Thursday, May 31, 2012

May 31, 2012: The Visitation of Our Lady



Elizabeth (mother of John the Baptist, who was scandalized by Christ’s relative “no-show” that failed to visibly confirm his preaching about the Messiah of a visible Christendom) proclaimed concerning our Lady, “Blessed is she who believed.” Mary became the mother of God because of her faith. She believed more than Abraham who was not ultimately called to kill his Son, Isaac.  She was called to say “Yes” to Christ's death and witness it. Abraham's
faith generated the Old Testament. Mary's faith generated the New.

        And now we are called to have the faith of Mary and become “mothers” of Christ by engendering Him in us in the world. Now. The Gospel text of Luke 11, 27 reads that the woman, overcome by the appearance of Christ, cries out: “Blessed is the womb that bore thee and the beasts that gave thee suck.” The Lord answers: “Yeah, rather, blessed is she who hears the Word of God and does it.” The meaning is that blood relation to the Lord does not constitute motherhood of Christ but obedience to the Word of God.

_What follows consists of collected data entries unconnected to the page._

(* Let $G=(V,E)$ be a finite undirected graph with $V=\{1,\dots,n\}$, and let $A,B,C\subseteq V$ be nonempty pairwise disjoint sets with $V=A\cup B\cup C$, such that $C$ separates $A$ from $B$ in $G$ and $C$ is complete in $G$. Let $N$ be a symmetric positive definite $n\times n$ real matrix and $M=N_G$. Then $M$ is positive definite if and only if all of the following hold: (1) $M_{A\cup C}=\begin{pmatrix} M_{AA} & M_{AC}\\ M_{CA} & M_{CC}\end{pmatrix}$ is positive definite; (2) $M_{B\cup C}=\begin{pmatrix} M_{CC} & M_{CB}\\ M_{BC} & M_{BB}\end{pmatrix}$ is positive definite; (3) $S_1+S_2-M_{CC}$ is positive definite, where $S_1=M_{CC}-M_{CA}M_{AA}^{-1}M_{AC}$ and $S_2=M_{CC}-M_{CB}M_{BB}^{-1}M_{BC}$. Moreover, the same equivalence holds when conditions (1) and (2) are replaced by (1') $M_{AA}$ is positive definite and (2') $M_{BB}$ is positive definite.
   Context: For a symmetric $n\times n$ real matrix $N=(n_{ij})$, $N_G$ is defined by $(N_G)_{ij}=n_{ij}$ if $i=j$ or $(i,j)\in E$, and $0$ otherwise. For index sets $X,Y\subseteq V$, $M_{XY}$ denotes the submatrix of $M$ with rows indexed by $X$ and columns indexed by $Y$. $C$ separates $A$ from $B$ means every path in $G$ from a vertex of $A$ to a vertex of $B$ contains a vertex of $C$; $C$ complete means every two distinct vertices of $C$ are adjacent. *)

theory Defs
  imports "Jordan_Normal_Form.Gauss_Jordan_Elimination" "Jordan_Normal_Form.DL_Submatrix"
begin

text \<open>Graph on vertex set V = {0..<n} given by an edge relation E (pairs of vertices).\<close>

definition graph_walk :: "(nat \<times> nat) set \<Rightarrow> nat list \<Rightarrow> bool" where
  "graph_walk E xs \<longleftrightarrow> xs \<noteq> [] \<and> (\<forall>i. Suc i < length xs \<longrightarrow> (xs ! i, xs ! Suc i) \<in> E)"

definition separates :: "(nat \<times> nat) set \<Rightarrow> nat set \<Rightarrow> nat set \<Rightarrow> nat set \<Rightarrow> bool" where
  "separates E C A B \<longleftrightarrow>
     (\<forall>xs. graph_walk E xs \<and> distinct xs \<and> hd xs \<in> A \<and> last xs \<in> B \<longrightarrow> set xs \<inter> C \<noteq> {})"

definition complete_in :: "(nat \<times> nat) set \<Rightarrow> nat set \<Rightarrow> bool" where
  "complete_in E C \<longleftrightarrow> (\<forall>i\<in>C. \<forall>j\<in>C. i \<noteq> j \<longrightarrow> (i, j) \<in> E)"

definition restrict_graph :: "(nat \<times> nat) set \<Rightarrow> real mat \<Rightarrow> real mat" where
  "restrict_graph E N = mat (dim_row N) (dim_col N)
     (\<lambda>(i,j). if i = j \<or> (i, j) \<in> E then N $$ (i,j) else 0)"

definition pos_def :: "real mat \<Rightarrow> bool" where
  "pos_def A \<longleftrightarrow> A \<in> carrier_mat (dim_row A) (dim_row A) \<and> transpose_mat A = A \<and>
     (\<forall>v \<in> carrier_vec (dim_row A). v \<noteq> 0\<^sub>v (dim_row A) \<longrightarrow> v \<bullet> (A *\<^sub>v v) > 0)"

text \<open>Matrix inverse (meaningful when the matrix is invertible).\<close>
definition mat_inv :: "real mat \<Rightarrow> real mat" where
  "mat_inv A = the (mat_inverse A)"

text \<open>Submatrix M_{XY}: rows indexed by X, columns by Y (in increasing order).\<close>
abbreviation sub :: "real mat \<Rightarrow> nat set \<Rightarrow> nat set \<Rightarrow> real mat" where
  "sub M X Y \<equiv> submatrix M X Y"

end

theory Submission
  imports Defs "Jordan_Normal_Form.Determinant"
begin

text \<open>
  Since \<open>C\<close> separates \<open>A\<close> from \<open>B\<close>, the block \<open>M\<^sub>A\<^sub>B\<close> of \<open>M = N\<^sub>G\<close> vanishes, so for
  \<open>v = (x\<^sub>A, x\<^sub>B, x\<^sub>C)\<close> the quadratic form of \<open>M\<close> is
  \<open>x\<^sub>A\<^sup>T M\<^sub>A\<^sub>A x\<^sub>A + x\<^sub>B\<^sup>T M\<^sub>B\<^sub>B x\<^sub>B + x\<^sub>C\<^sup>T M\<^sub>C\<^sub>C x\<^sub>C + 2 x\<^sub>A\<^sup>T M\<^sub>A\<^sub>C x\<^sub>C + 2 x\<^sub>B\<^sup>T M\<^sub>B\<^sub>C x\<^sub>C\<close>.
  When \<open>M\<^sub>A\<^sub>A\<close> and \<open>M\<^sub>B\<^sub>B\<close> are positive definite, completing the square in \<open>x\<^sub>A\<close> and in \<open>x\<^sub>B\<close>
  writes it as the sum of the forms of \<open>M\<^sub>A\<^sub>A\<close> at \<open>x\<^sub>A + M\<^sub>A\<^sub>A\<^sup>-\<^sup>1 M\<^sub>A\<^sub>C x\<^sub>C\<close>, of \<open>M\<^sub>B\<^sub>B\<close> at
  \<open>x\<^sub>B + M\<^sub>B\<^sub>B\<^sup>-\<^sup>1 M\<^sub>B\<^sub>C x\<^sub>C\<close>, and of \<open>S\<^sub>1 + S\<^sub>2 - M\<^sub>C\<^sub>C\<close> at \<open>x\<^sub>C\<close>; this gives the second
  characterisation. The first follows because \<open>M\<^sub>A\<^sub>A\<close>, \<open>M\<^sub>B\<^sub>B\<close> are diagonal blocks of the
  matrices in (1), (2), which in turn are principal subforms of \<open>M\<close>.
\<close>

section \<open>Selector matrices\<close>

lemma pick_eq_iff:
  assumes "finite X" "k < card X"
  shows "pick X k = i \<longleftrightarrow> i \<in> X \<and> k = card {a \<in> X. a < i}"
  using assms pick_in_set[of k X] card_pick[of k X] pick_card_in_set[of i X] by auto

lemma sum_indicator_mult:
  "(\<Sum>i = 0..<n. (if i = p then 1 else 0) * f i) = (if p < (n::nat) then f p else (0::real))"
  "(\<Sum>i = 0..<n. f i * (if i = p then 1 else 0)) = (if p < (n::nat) then f p else (0::real))"
  by (simp_all add: if_distrib[of "\<lambda>x. x * _"] if_distrib[of "\<lambda>x. _ * x"] cong: if_cong)
lemma F_obj_eq_cluster_costs:
  fixes \<theta> :: "nat \<Rightarrow> 'a::real_inner"
  assumes "\<And>j. j < k \<Longrightarrow> sum \<gamma> (I j) \<noteq> 0"
  shows "F_obj k I f \<alpha> \<gamma> \<theta> = (\<Sum>j<k. cluster_cost I f \<gamma> \<theta> j
           + \<alpha> j * sum \<gamma> (I j) / 2 * (norm (cluster_mean I \<gamma> \<theta> j - global_mean k I \<alpha> \<gamma> \<theta>))\<^sup>2)"
proof -
  let ?m = "cluster_mean I \<gamma> \<theta>" and ?g = "global_mean k I \<alpha> \<gamma> \<theta>"
  let ?d = "\<lambda>y i. \<gamma> i / 2 * (norm (\<theta> i - y))\<^sup>2"
  have "(\<Sum>i\<in>I j. f i (\<theta> i) + (1 - \<alpha> j) * \<gamma> i / 2 * (norm (\<theta> i - ?m j))\<^sup>2
                   + \<alpha> j * \<gamma> i / 2 * (norm (\<theta> i - ?g))\<^sup>2)
      = cluster_cost I f \<gamma> \<theta> j + \<alpha> j * sum \<gamma> (I j) / 2 * (norm (?m j - ?g))\<^sup>2" if "j < k" for j
  proof -
    have "(\<Sum>i\<in>I j. f i (\<theta> i) + (1 - \<alpha> j) * \<gamma> i / 2 * (norm (\<theta> i - ?m j))\<^sup>2
                     + \<alpha> j * \<gamma> i / 2 * (norm (\<theta> i - ?g))\<^sup>2)
        = cluster_cost I f \<gamma> \<theta> j + \<alpha> j * ((\<Sum>i\<in>I j. ?d ?g i) - (\<Sum>i\<in>I j. ?d (?m j) i))"
      by (simp add: cluster_cost_def sum.distrib sum_subtractf sum_distrib_left ring_distribs
          diff_divide_distrib mult.assoc)
    also have "\<dots> = cluster_cost I f \<gamma> \<theta> j + \<alpha> j * sum \<gamma> (I j) / 2 * (norm (?m j - ?g))\<^sup>2"
      using sum_sq_dist_cluster_mean[where y = ?g] assms[OF that] by simp
    finally show ?thesis .
  qed
  then show ?thesis
    unfolding F_obj_def by (intro sum.cong) auto
qed

lemma F_MTL_eq_cluster_costs:
  fixes \<theta> :: "nat \<Rightarrow> 'a::real_inner"
  assumes "\<And>j. j < k \<Longrightarrow> sum \<gamma> (I j) \<noteq> 0"
  shows "F_MTL k I f lam \<gamma> \<theta> v b = (\<Sum>j<k. cluster_cost I f \<gamma> \<theta> j
           + sum \<gamma> (I j) / 2 * (norm (cluster_mean I \<gamma> \<theta> j - v j))\<^sup>2 + lam j / 2 * (norm (v j - b))\<^sup>2)"
proof -
  have "(\<Sum>i\<in>I j. \<gamma> i / 2 * (norm (\<theta> i - v j))\<^sup>2)
      = (\<Sum>i\<in>I j. \<gamma> i / 2 * (norm (\<theta> i - cluster_mean I \<gamma> \<theta> j))\<^sup>2)
        + sum \<gamma> (I j) / 2 * (norm (cluster_mean I \<gamma> \<theta> j - v j))\<^sup>2" if "j < k" for j
    using assms[OF that] by (rule sum_sq_dist_cluster_mean)
  then show ?thesis
    unfolding F_MTL_def cluster_cost_def by (intro sum.cong) (simp_all add: sum.distrib)
qed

The import of the above is: If we hear the Word of God and do it – live the obedience that is faith – we will become mothers of Christ as our Lady did. The gospel text reads: “Who is my mother? Who are my brothers? Stretching out his hand to his disciples: “Here are my mother and my brothers. For whoever does the will of my heavenly Father is my brother, and sister, and mother.” Augustine comments:  Did the Virgin Mary, who believed by faith and conceived by faith, who was the chosen one from whom our Savior was born among men, who was created by Christ before Christ was created in her – did she not do the will of the Father? Indeed the blessed Mary certainly did the Father’s will, and  so it was for her a greater thing to have been Christ’s disciple than to have been his mother, and she was more blessed in her discipleship than in her motherhood. Hers was the happiness of first bearing in her womb him whom she would obey as her master”…

                 “Now having said that all of you are brothers of Christ, shall I not dare to call you his mother? Much less would I dare to deny his own words. Tell me how Mary became the mother of Christ, if it was not by giving birth to the members of Christ? You, to whom I am speaking, are the members of Christ. Of whom were you born? ‘Of Mother Church,’ I hear the reply of your hearts. You became sons of this mother at your baptism; you came to birth then as members of Christ. Now you in your turn must draw to the font of baptism as many as you possibly can. You became sons when you were born there yourselves, and now by bringing others to birth in the same way, you have it in your power to become the mothers of Christ.”
                The great point of the feast is: Mary is not blessed because she is the mother of God. Rather, she is the mother of God because she made the gift of herself (which is faith). And since we are called to make that self-gift, we are also called to be the mother of God and engender the God-man in us – and this in the exercise of ordinary work in the secular world.